Author Topic: Cache again....  (Read 333 times)

Raistlin

  • Member
  • **
  • Posts: 238
Cache again....
« on: September 05, 2017, 06:49:46 PM »
Hiya,

Does anyone perhaps know how to interrogate the CPU cache (control registers or other perhaps) or OS scheduler to
reveal the specific cache hit vs miss ratios.....Sorry if this has been asked and answered before.

Thanks
Raistlin

hutch--

  • Administrator
  • Member
  • ******
  • Posts: 4809
  • Mnemonic Driven API Grinder
    • The MASM32 SDK
Re: Cache again....
« Reply #1 on: September 05, 2017, 07:15:43 PM »
I could be wrong but I don't think there is such an animal. I think you have to do this the hard way, design the code according to the best theory you have then put it to the only test that matters, how FAST it is.
hutch at movsd dot com
http://www.masm32.com    :biggrin:  :biggrin:

Raistlin

  • Member
  • **
  • Posts: 238
Re: Cache again....
« Reply #2 on: September 05, 2017, 07:24:22 PM »
@Hutch, Agreed that would be the intent - however we know profiler applications exist that show cache miss/hit ratios for an application (RE: Intel, AMD, Microsoft)
therefore arguably you must be able to programatically read the cache hit vs miss data?
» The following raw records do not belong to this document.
(* Let $\Psi$ and $\psi$ be as in the context, let $\chi$ be the unique solution with $\int\chi d\pi=0$ and $\chi\in\bigcap_{\beta\in[1,\alpha)}L^\beta(\pi)$ of $\chi-P\chi=\Psi$, and set $Z_{N,1}=N^{-1/\alpha}(\chi(\xi_1)-P\chi(\xi_0))$, $h_p(x)=e^{ipx}-1-ipx$, $\bar h^{(N)}_p=\mathbb Eh_p(Z_{N,1})$, $\psi^{(N)}(p)=-N\bar h^{(N)}_p$. Then there exists $C>0$ such that $$|\psi^{(N)}(p)-\psi(p)|\le\frac{C}{N^{\alpha_1/\alpha}}|p|(1+|p|)\quad\text{for all }p\in\mathbb R,\ N\ge1.$$ Moreover, for any bounded set $\Delta\subset\mathbb R$ and $\beta\in[1,\alpha)$ there exists $C>0$ such that $$N\int\sup_{\lambda\in\Delta}\Big|h_p\Big(\frac{\Psi(v)+\lambda}{N^{1/\alpha}}\Big)\Big|^\beta\pi(dv)\le C|p|^\beta(1+|p|),\qquad\forall p\in\mathbb R,\ N\ge1.$$
   Context: $(E,d)$ is a Polish space and $\{\xi_n\}_{n\ge0}$ is a Markov chain on $E$ whose initial law $\pi$ is invariant and ergodic, with transition operator $P$, satisfying $\sup\{\|Pf\|_{L^2(\pi)}:\|f\|_{L^2(\pi)}=1,\int fd\pi=0\}<1$ and $P(w,dv)=p(w,v)\pi(dv)$ with $p\in L^\infty(\pi\otimes\pi)$. $\Psi:E\to\mathbb R$ satisfies $\int\Psi d\pi=0$ and there exist $\alpha\in(1,2)$, $\alpha_1\in(0,2-\alpha)$, $c_*^\pm\ge0$ with $c_*^++c_*^->0$ and $C^*>0$ such that $|\pi(\Psi>\lambda)-c_*^+\lambda^{-\alpha}|+|\pi(\Psi<-\lambda)-c_*^-\lambda^{-\alpha}|\le C^*\lambda^{-\alpha-\alpha_1}$ for $\lambda\ge1$. $\psi(p)=\alpha\int_{\mathbb R}(1+i\lambda p-e^{i\lambda p})c_*(\lambda)|\lambda|^{-1-\alpha}d\lambda$ with $c_*(\lambda)=c_*^-$ for $\lambda<0$ and $c_*^+$ for $\lambda>0$. *)

theory Defs
  imports "HOL-Probability.Probability"
begin

definition trans_op :: "'a measure \<Rightarrow> ('a \<Rightarrow> 'a \<Rightarrow> real) \<Rightarrow> ('a \<Rightarrow> real) \<Rightarrow> 'a \<Rightarrow> real" where
  "trans_op \<pi> p f w = (\<integral>v. p w v * f v \<partial>\<pi>)"

definition trans_prob :: "'a measure \<Rightarrow> ('a \<Rightarrow> 'a \<Rightarrow> real) \<Rightarrow> 'a \<Rightarrow> 'a set \<Rightarrow> real" where
  "trans_prob \<pi> p w B = (\<integral>v. indicator B v * p w v \<partial>\<pi>)"

definition density_kernel :: "'a measure \<Rightarrow> ('a \<Rightarrow> 'a \<Rightarrow> real) \<Rightarrow> bool" where
  "density_kernel \<pi> p \<longleftrightarrow>
     (\<lambda>(w, v). p w v) \<in> borel_measurable (\<pi> \<Otimes>\<^sub>M \<pi>) \<and>
     (\<forall>w v. 0 \<le> p w v) \<and>
     (\<forall>w \<in> space \<pi>. integrable \<pi> (p w) \<and> (\<integral>v. p w v \<partial>\<pi>) = 1) \<and>
     (\<exists>B. AE x in \<pi> \<Otimes>\<^sub>M \<pi>. case x of (w, v) \<Rightarrow> p w v \<le> B)"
Also we know there's API's to read for example process page faults. Thus my
investigation. Sorry if my logic is flawed and I'am blowing bubbles.

jj2007

  • Member
  • *****
  • Posts: 7543
  • Assembler is fun ;-)
    • MasmBasic
Re: Cache again....
« Reply #3 on: September 05, 2017, 07:31:42 PM »
there's API's to read for example process page faults.

There is, there is:

include \masm32\MasmBasic\MasmBasic.inc         ; download
  Init
  Inkey "PageFaultCount: 0x", Hex$(MemState(PageFaultCount))
EndOfCode


Output: PageFaultCount: 0x00000572 (note the process hasn't done anything useful so far...)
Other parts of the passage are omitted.